South Africa has recently had a significant increase of HIV positive patients enrolled on anti-retroviral treatment (ART). In 2009, almost 90,000 children and 840,000 adults were enrolled in the public sector ART programme . By 2011, ART was extended to 650,000 more people, increasing the total number on treatment to almost 1.6 million. The National Strategic Plan on HIV, STIs and TB (2012–2016) aims to have at least 80% of a total of 5.3 million HIV infected individuals on ART . The burden of disease associated with untreated HIV and AIDS is significant and is particularly felt at rural bio-medical health facilities due to Human Resources for Health (HRH) shortages .
South Africa’s ratio of doctors per population is 50:100,000. The minimum requirement for a middle income country like South Africa is 180:100,000 according to World Health Organization (WHO) guidelines . In South Africa it is estimated that of all doctor graduates, only about 3% end up working in rural areas . With 40% of the population living in rural areas, HRH in rural bio-medical facilities are overburdened due to understaffing and the burden falls mainly onto nurses. This has negative implications; specifically, on the quality of HIV and AIDS services. Such challenges have prompted this research which aims to determine whether traditional healers (THs) are in a position to assist in HIV prevention and treatment services.
The ratio of THs is double (five per 1000) than that of bio-medical health care workers (2.3 per 1000) to the population in Africa . In a context of an increasing burden of disease within South Africa and the subsequent HIV-related burden on public health facilities [4–6], THs, could potentially be utilised to alleviate this strain. Research indicates that mortality rates remain high amongst HIV positive individuals due to late initiation on treatment programmes . Patients simply are not presenting themselves early enough to be initiated on treatment, especially in rural areas . THs, who often are the initial health system contact for HIV patients, could refer them to the public sector treatment programme sooner, which could subsequently reduce morbidity rates.

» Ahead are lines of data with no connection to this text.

lemma ipt_expected_time_le:
  assumes cS: "0 < cS"
    and fs: "\<And>n. 1 \<le> n \<Longrightarrow> (\<exists>f\<in>pmfs. cS / real n \<le> q f) \<Longrightarrow> is_fstar q f0 cS n (fs n)"
    and cd_zero: "\<And>n. real n \<le> K \<Longrightarrow> cd n = 0"
    and TK: "real T \<le> K" and small: "real (T + 1) * \<beta> < 1"
  shows "(\<integral>\<^sup>+\<omega>. ennreal_of_enat (ipt_time q fs cS cd \<omega>) \<partial>obs_law f1)
    \<le> ennreal (real T + 2 * (2 * real T + 1) * \<beta> / (1 - real (T + 1) * \<beta>))"
proof -
  interpret prob_space "obs_law f1" by (rule prob_space_obs_law[OF f1])
  define \<eta> where "\<eta> = real (T + 1) * \<beta>"
  define C where "C j = {\<omega>. \<forall>i\<le>j. bad_block q cS T i \<omega>}" for j
  define W where "W = 2 * (2 * T + 1)"
  have \<beta>: "0 \<le> \<beta>" and \<eta>: "0 \<le> \<eta>" "\<eta> < 1" using small by (simp_all add: \<beta>_def \<eta>_def)
  have C: "C j \<in> sets (obs_law f1)" for j
  proof -
    have "C j = (\<Inter>i\<le>j. {\<omega>. bad_block q cS T i \<omega>})" by (auto simp: C_def)
    then show ?thesis using sets_bad_block by auto
  qed
  have "(\<integral>\<^sup>+\<omega>. ennreal_of_enat (ipt_time q fs cS cd \<omega>) \<partial>obs_law f1)
      \<le> (\<integral>\<^sup>+\<omega>. of_nat T + of_nat W * (\<Sum>j. indicator (C j) \<omega>) \<partial>obs_law f1)"
    unfolding C_def W_def
    by (intro nn_integral_mono ipt_time_le_bad_blocks[OF cS fs cd_zero T TK])
  also have "\<dots> = of_nat T + of_nat W * (\<Sum>j. emeasure (obs_law f1) (C j))"
    using C by (simp add: nn_integral_add nn_integral_cmult nn_integral_suminf emeasure_space_1)
  also have "(\<Sum>j. emeasure (obs_law f1) (C j)) \<le> (\<Sum>j. ennreal (\<beta> * \<eta> ^ j))"
    using measure_leading_bad_blocks
    by (intro suminf_le summableI) (auto simp: emeasure_eq_measure C_def \<eta>_def intro: ennreal_leI)
  also have "(\<Sum>j. ennreal (\<beta> * \<eta> ^ j)) = ennreal (\<beta> / (1 - \<eta>))"
    using \<beta> \<eta> by (simp add: suminf_ennreal2 summable_geometric suminf_geometric suminf_mult)
  finally have "(\<integral>\<^sup>+\<omega>. ennreal_of_enat (ipt_time q fs cS cd \<omega>) \<partial>obs_law f1)
      \<le> ennreal (real T) + ennreal (real W) * ennreal (\<beta> / (1 - \<eta>))"
    by (simp add: mult_left_mono add_left_mono ennreal_of_nat_eq_real_of_nat)
  also have "\<dots> = ennreal (real T + real W * (\<beta> / (1 - \<eta>)))"
    using \<beta> \<eta> by (simp add: ennreal_mult del: times_divide_eq_right)
  also have "real T + real W * (\<beta> / (1 - \<eta>)) = real T + 2 * (2 * real T + 1) * \<beta> / (1 - real (T + 1) * \<beta>)"
    by (simp add: W_def \<eta>_def)
  finally show ?thesis .
qed

end

section \<open>Asymptotics\<close>

lemma filterlim_nat_ceiling_divide_at_top:
  assumes "0 < (c::real)"
  shows "filterlim (\<lambda>x. real (nat \<lceil>x / c\<rceil>)) at_top at_top"
proof -
  have "filterlim (\<lambda>x. x / c) at_top at_top" using assms by real_asymp
  then show ?thesis by (rule filterlim_at_top_mono) (simp add: real_nat_ceiling_ge)
qed
lemma
  assumes "csubspace M" and "closed M"
  shows proj_in: "proj M x \<in> M"
    and proj_orthogonal: "u \<in> M \<Longrightarrow> cinner u (x - proj M x) = 0"
proof -
  obtain m where "m \<in> M" and "\<forall>m'\<in>M. norm (x - m) \<le> norm (x - m')"
    using csubspace_closest_point_exists[OF assms] by blast
  then have "proj M x = m" and "\<forall>u\<in>M. cinner u (x - m) = 0"
    using csubspace_closest_point_orthogonal[OF assms(1)] proj_eqI[OF assms(1)] by blast+
  then show "proj M x \<in> M" and "u \<in> M \<Longrightarrow> cinner u (x - proj M x) = 0"
    using \<open>m \<in> M\<close> by auto
qed

lemma proj_id: "csubspace M \<Longrightarrow> m \<in> M \<Longrightarrow> proj M m = m"
  by (rule proj_eqI) auto

lemma proj_add:
  assumes "csubspace M" and "closed M"
  shows "proj M (x + y) = proj M x + proj M y"
proof (rule proj_eqI[OF assms(1)])
  show "proj M x + proj M y \<in> M"
    by (intro csubspace_add proj_in assms)
  have "x + y - (proj M x + proj M y) = (x - proj M x) + (y - proj M y)"
    by simp
  then show "\<forall>u\<in>M. cinner u (x + y - (proj M x + proj M y)) = 0"
    by (simp only: cinner_add_right) (simp add: proj_orthogonal[OF assms])
qed

lemma proj_scaleC:
  assumes "csubspace M" and "closed M"
  shows "proj M (scaleC c x) = scaleC c (proj M x)"
proof (rule proj_eqI[OF assms(1)])
  show "scaleC c (proj M x) \<in> M"
    by (intro csubspace_scaleC proj_in assms)
  show "\<forall>u\<in>M. cinner u (scaleC c x - scaleC c (proj M x)) = 0"
    by (simp add: proj_orthogonal[OF assms] cinner_scaleC_right flip: scaleC_diff)
qed

lemma proj_self_adjoint:
  assumes "csubspace M" and "closed M"
  shows "cinner (proj M x) y = cinner x (proj M y)"
proof -
  have "cinner (proj M x) (y - proj M y) = 0"
    by (intro proj_orthogonal proj_in assms)
  moreover have "cinner (proj M y) (x - proj M x) = 0"
    by (intro proj_orthogonal proj_in assms)
  then have "cinner (x - proj M x) (proj M y) = 0"
    by (subst cinner_commute) simp
  ultimately show ?thesis
    by (simp add: cinner_diff_left cinner_diff_right)
qed

lemma
  assumes "csubspace M" and "closed M"
  shows norm_proj_le: "norm (proj M x) \<le> norm x"
    and norm_diff_proj_le: "norm (x - proj M x) \<le> norm x"
proof -
  have "cinner (proj M x) (x - proj M x) = 0"
    by (intro proj_orthogonal proj_in assms)
  then have "(norm x)^2 = (norm (proj M x))^2 + (norm (x - proj M x))^2"
    using norm_add_sq[of "proj M x" "x - proj M x"] by simp
  then have "(norm (proj M x))^2 \<le> (norm x)^2" and "(norm (x - proj M x))^2 \<le> (norm x)^2"
    by simp_all
  then show "norm (proj M x) \<le> norm x" and "norm (x - proj M x) \<le> norm x"
    by (simp_all add: power2_le_iff_abs_le)
qed

section \<open>Bounded operators and adjoints\<close>

lemma bounded_clinear_add: "bounded_clinear T \<Longrightarrow> T (x + y) = T x + T y"
  and bounded_clinear_scaleC: "bounded_clinear T \<Longrightarrow> T (scaleC c x) = scaleC c (T x)"
  by (simp_all add: bounded_clinear_def)

lemma bounded_clinear_bounded_linear:
  assumes "bounded_clinear T"
  shows "bounded_linear T"
proof -
  obtain K where "\<forall>x. norm (T x) \<le> norm x * K"
    using assms by (auto simp: bounded_clinear_def)
  then show ?thesis
    using assms
    by (intro bounded_linear_intro[of T K]) (simp_all add: bounded_clinear_def scaleR_scaleC)
qed

lemma bounded_clinear_zero: "bounded_clinear T \<Longrightarrow> T 0 = 0"
  by (rule linear_0[OF bounded_linear.linear[OF bounded_clinear_bounded_linear]])

lemma bounded_clinear_diff: "bounded_clinear T \<Longrightarrow> T (x - y) = T x - T y"
  by (rule linear_diff[OF bounded_linear.linear[OF bounded_clinear_bounded_linear]])
text \<open>The orthogonal projection onto the image of \<open>D\<close> exists because the Gram map
  \<open>v \<mapsto> (\<langle>D v, D i\<rangle>)\<^sub>i\<close> is injective, hence surjective.\<close>
lemma ex_orthogonal_coord: "\<exists>a. \<forall>w. lprod (z - D a) (D w) = 0"
proof -
  define G where "G v = (\<Sum>i\<in>Basis. lprod (D v) (D i) *\<^sub>R i)" for v
  have linG: "linear G"
    by (rule linearI) (simp_all add: G_def linear_add[OF linear] linear_cmul[OF linear] lp.add_left
        lp.scaleR_left scaleR_add_left sum.distrib scaleR_sum_right)
  have G_inner: "G v \<bullet> i = lprod (D v) (D i)" if "i \<in> Basis" for v i
    using that by (simp add: G_def inner_sum_left inner_Basis if_distrib cong: if_cong)
  have "inj G"
  proof (subst linear_injective_0[OF linG], intro allI impI)
    fix v assume "G v = 0"
    then have "lprod (D v) (D i) = 0" if "i \<in> Basis" for i
      using G_inner[OF that, of v] by simp
    then have "lprod (D v) (D v) = 0" by (simp add: lprod_right_expand[of "D v" v])
    then show "v = 0" using positive by force
  qed
  then obtain a where a: "G a = (\<Sum>i\<in>Basis. lprod z (D i) *\<^sub>R i)"
    using linear_injective_imp_surjective[OF linG] by (metis surjD)
  have "lprod (D a) (D i) = lprod z (D i)" if "i \<in> Basis" for i
    using G_inner[OF that, of a] that
    by (simp add: a inner_sum_left inner_Basis if_distrib cong: if_cong)
  then have "lprod (z - D a) (D w) = 0" for w
    by (simp add: lprod_right_expand[of z w] lprod_right_expand[of "D a" w] lp.diff_left)
  then show ?thesis by blast
qed

definition tan_coord :: "'n lor \<Rightarrow> 'a" where
  "tan_coord z = (SOME a. \<forall>w. lprod (z - D a) (D w) = 0)"

lemma lprod_diff_tan_coord: "lprod (z - D (tan_coord z)) (D w) = 0"
  using someI_ex[OF ex_orthogonal_coord[of z]] unfolding tan_coord_def by blast

lemma tan_coord_unique:
  assumes "\<And>w. lprod (z - D a) (D w) = 0"
  shows "tan_coord z = a"
proof -
  have "lprod (D (a - tan_coord z)) (D w) = 0" for w
    using lprod_diff_tan_coord[of z w] assms[of w]
    by (simp add: linear_diff[OF linear] lp.diff_left)
  then have "lprod (D (a - tan_coord z)) (D (a - tan_coord z)) = 0" by blast
  then show ?thesis using positive[of "a - tan_coord z"] by force
qed

lemma tan_coord_apply [simp]: "tan_coord (D a) = a"
  by (rule tan_coord_unique) (simp add: lp.zero_left)

lemma linear_tan_coord: "linear tan_coord"
proof (rule linearI)
  fix x y show "tan_coord (x + y) = tan_coord x + tan_coord y"
  proof (rule tan_coord_unique)
    fix w
    have "x + y - D (tan_coord x + tan_coord y) = (x - D (tan_coord x)) + (y - D (tan_coord y))"
      by (simp add: linear_add[OF linear])
    then show "lprod (x + y - D (tan_coord x + tan_coord y)) (D w) = 0"
      by (simp only: lp.add_left lprod_diff_tan_coord add_0)
  qed
next
  fix r x show "tan_coord (r *\<^sub>R x) = r *\<^sub>R tan_coord x"
  proof (rule tan_coord_unique)
    fix w
    have "r *\<^sub>R x - D (r *\<^sub>R tan_coord x) = r *\<^sub>R (x - D (tan_coord x))"
      by (simp add: linear_cmul[OF linear] scaleR_diff_right)
    then show "lprod (r *\<^sub>R x - D (r *\<^sub>R tan_coord x)) (D w) = 0"
      by (simp only: lp.scaleR_left lprod_diff_tan_coord scaleR_zero_right)
  qed
qed

end

lemma in_span_pair_iff: "z \<in> span {a, b} \<longleftrightarrow> (\<exists>p q. z = p *\<^sub>R a + q *\<^sub>R b)"
proof
  assume "z \<in> span {a, b}"
  then obtain p where "z - p *\<^sub>R a \<in> span {b}" unfolding span_breakdown_eq by blast
  then obtain q where "z - p *\<^sub>R a = q *\<^sub>R b" unfolding span_singleton by blast
  then show "\<exists>p q. z = p *\<^sub>R a + q *\<^sub>R b" by (metis diff_add_cancel add.commute)
next
  assume "\<exists>p q. z = p *\<^sub>R a + q *\<^sub>R b"
  then show "z \<in> span {a, b}" by (auto intro: span_add span_scale span_base)
qed

definition lorth :: "'n::finite lor \<Rightarrow> 'n lor \<Rightarrow> 'n lor set" where
  "lorth a b = {z. lprod z a = 0 \<and> lprod z b = 0}"

text \<open>For a unit timelike \<open>a\<close> and a unit spacelike \<open>b\<close> orthogonal to it, this is the projection
  \<open>\<Pi>\<^sup>\<tau>\<close> onto \<open>lorth a b\<close> along \<open>span {a, b}\<close>; the sign of the \<open>a\<close>-term comes from
  \<open>\<langle>a, a\<rangle> = -1\<close>.\<close>
definition lproj :: "'n::finite lor \<Rightarrow> 'n lor \<Rightarrow> 'n lor \<Rightarrow> 'n lor" where
  "lproj a b z = z + lprod z a *\<^sub>R a - lprod z b *\<^sub>R b"

lemma subspace_lorth: "subspace (lorth a b)"
  unfolding subspace_def lorth_def by (simp add: lp.add_left lp.scaleR_left lp.zero_left)

lemma linear_lproj: "linear (lproj a b)"
  by (rule linearI) (simp_all add: lproj_def lp.add_left lp.scaleR_left algebra_simps)

locale lorentz_pair =
  fixes \<nu> \<xi> :: "'n::finite lor"
  assumes timelike: "lprod \<nu> \<nu> = -1"
    and spacelike: "lprod \<xi> \<xi> = 1"
    and orthogonal: "lprod \<xi> \<nu> = 0"
begin

lemma orthogonal': "lprod \<nu> \<xi> = 0"
  using orthogonal by (simp add: lprod_commute)

lemmas pair_lprod = timelike spacelike orthogonal orthogonal'

lemma lproj_in_lorth: "lproj \<nu> \<xi> z \<in> lorth \<nu> \<xi>"
  by (simp add: lproj_def lorth_def lp.add_left lp.diff_left lp.scaleR_left pair_lprod)

lemma diff_lproj_in_span: "z - lproj \<nu> \<xi> z \<in> span {\<nu>, \<xi>}"
proof -
  have "z - lproj \<nu> \<xi> z = (- lprod z \<nu>) *\<^sub>R \<nu> + lprod z \<xi> *\<^sub>R \<xi>"
    by (simp add: lproj_def)
  then show ?thesis unfolding in_span_pair_iff by blast
qed

lemma lproj_unique:
  assumes "v \<in> lorth \<nu> \<xi>" "z - v \<in> span {\<nu>, \<xi>}"
  shows "v = lproj \<nu> \<xi> z"
proof -
  obtain p q where pq: "z - v = p *\<^sub>R \<nu> + q *\<^sub>R \<xi>"
    using assms(2) by (auto simp: in_span_pair_iff)
  have "lprod (z - v) \<nu> = - p" "lprod (z - v) \<xi> = q"
    by (simp_all add: pq lp.add_left lp.scaleR_left pair_lprod)
  then have "lprod z \<nu> = - p" "lprod z \<xi> = q"
    using assms(1) by (auto simp: lorth_def lp.diff_left)
  then show ?thesis using pq by (simp add: lproj_def algebra_simps)
qed

lemma dim_lorth: "dim (lorth \<nu> \<xi>) = CARD('n) - 1"
proof -
  define S where "S = span {\<nu>, \<xi>}"
  have meet: "lorth \<nu> \<xi> \<inter> S = {0}"
  proof safe
    fix z assume "z \<in> lorth \<nu> \<xi>" "z \<in> S"
    then obtain p q where pq: "z = p *\<^sub>R \<nu> + q *\<^sub>R \<xi>" "lprod z \<nu> = 0" "lprod z \<xi> = 0"
      by (auto simp: S_def in_span_pair_iff lorth_def)
    then have "p = 0" "q = 0" by (simp_all add: lp.add_left lp.scaleR_left pair_lprod)
    then show "z = 0" using pq by simp
  qed (simp_all add: subspace_0[OF subspace_lorth] S_def span_zero)
  have sum: "{x + y |x y. x \<in> lorth \<nu> \<xi> \<and> y \<in> S} = UNIV"
  proof -
    have "z = lproj \<nu> \<xi> z + (z - lproj \<nu> \<xi> z)" for z by simp
    then show ?thesis using lproj_in_lorth diff_lproj_in_span unfolding S_def by blast
  qed
  have dim_S: "dim S = 2"
  proof -
    have "\<nu> \<notin> span {\<xi>}"
    proof
      assume "\<nu> \<in> span {\<xi>}"
      then obtain k where "\<nu> = k *\<^sub>R \<xi>" by (auto simp: span_singleton)
      then have "lprod \<nu> \<nu> = k * k" by (simp add: lp.scaleR_left lp.scaleR_right spacelike)
      then show False using timelike by (smt (verit) zero_le_square)
    qed
    moreover have "independent {\<xi>}" using spacelike by (auto simp: lp.zero_left)
    ultimately have "independent {\<nu>, \<xi>}" by (rule independent_insertI)
    moreover have "\<nu> \<noteq> \<xi>" using timelike spacelike by auto
    ultimately show ?thesis using dim_eq_card_independent by (fastforce simp: S_def)
  qed
  have "dim (UNIV :: 'n lor set) = 1 + CARD('n)" by simp
  then show ?thesis
    using dim_sums_Int[OF subspace_lorth[of \<nu> \<xi>] subspace_span[of "{\<nu>, \<xi>}", folded S_def]]
      meet sum dim_S by simp
qed

lemma null_lprod: "lprod (\<nu> + \<xi>) (\<nu> + \<xi>) = 0"
  by (simp add: lp.add_left lp.add_right pair_lprod)

lemma fst_null_nonzero: "fst (\<nu> + \<xi>) \<noteq> 0"
proof
  assume fst0: "fst (\<nu> + \<xi>) = 0"
  then have "snd (\<nu> + \<xi>) \<bullet> snd (\<nu> + \<xi>) = 0" using null_lprod by (simp add: lprod_def)
  with fst0 have "\<nu> + \<xi> = 0" by (simp add: prod_eq_iff)
  then have "\<xi> = - \<nu>" by (simp add: eq_neg_iff_add_eq_0 add.commute)
  then show False using orthogonal timelike by (simp add: lp.minus_left)
qed

lemma lprod_lproj:
  assumes "lprod x (\<nu> + \<xi>) = 0" "lprod y (\<nu> + \<xi>) = 0"
  shows "lprod (lproj \<nu> \<xi> x) (lproj \<nu> \<xi> y) = lprod x y"
proof -
  define l where "l = \<nu> + \<xi>"
  have "lprod x \<xi> = - lprod x \<nu>" "lprod y \<xi> = - lprod y \<nu>"
    using assms by (simp_all add: lp.add_right eq_neg_iff_add_eq_0 add.commute)
  then have "lproj \<nu> \<xi> x = x + lprod x \<nu> *\<^sub>R l" "lproj \<nu> \<xi> y = y + lprod y \<nu> *\<^sub>R l"
    by (simp_all add: lproj_def l_def scaleR_add_right add.assoc)
  moreover have "lprod l l = 0" "lprod x l = 0" "lprod l y = 0"
    using assms null_lprod by (simp_all add: l_def lprod_commute[of _ y])
  ultimately show ?thesis
    by (simp add: lp.add_left lp.add_right lp.scaleR_left lp.scaleR_right)
qed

Historically, the reliance on THs for health care has long been a norm amongst Black African people in sub-Saharan Africa. Data suggests that 80% of the Black African population consult THs for most of their health care needs [7–9]. The motivation behind the high rates of usage results from the focus on holistic healing offered by THs . Holistic healing incorporates the healing of the mind, body, soul and restoration of harmony between the elements comprising the hierarchy of beings, the living and the living dead [8, 11]. THs understand that an individual is relational, implying that “for good health, [the] individual and community must always be conscious of the symbiotic relationships between the living and the ancestors” .
Most Black Africans consult THs and bio-medical practitioners concurrently [9, 10]. THs costs are usually much lower than bio-medical treatment . Regardless, “most Africans know that African priests, …… political leaders, kings, chiefs and even presidents all occasionally consult a traditional doctor at critical times in their lives” . THs have always been held in high esteem in African communities, due to their proximity to the community especially those in rural areas . In contrast, the bio-medical health system is often difficult to access, due to the distance to the nearest facility and the associated costs of getting there [12, 13]. Therefore, in the context of a lack of easily accessible bio-medical health facilities, high costs of transportation to these facilities and high rates of bio-medical staff attrition particularly in rural areas, THs could be used to assist in the HIV prevention and treatment effort.
It has been documented that over 60% of patients that THs attend to, have STIs and HIV and AIDS [13, 14]. However, THs are seen by many in the bio-medical system as unfit to assist in the correct diagnosis of symptoms and prevention and treatment of HIV and AIDS . Nurses were not willing to formally refer patients to THs whilst it was found that THs were open to referrals to public health facilities . This resistance by bio-medical practitioners to collaborate has been attributed to differences in paradigms , the unscientific nature of methods used by THs, their unsystematic management of the healing process, and an unwillingness of THs to share their knowledge . The stasis of bio-medical practitioners unwillingness to incorporate THs is concerning considering the increased burden of disease faced by health systems in Africa in the presence of the HIV epidemic.
In light of this situation, this paper attempts to answer the question as to whether THs are a suitable human resource to assist in the scaling up of HIV prevention and treatment services in South Africa. This involved assessing a sample of THs on their knowledge around effective HIV and AIDS prevention, diagnosis and treatment of symptoms and their willingness to interact with the bio-medical system.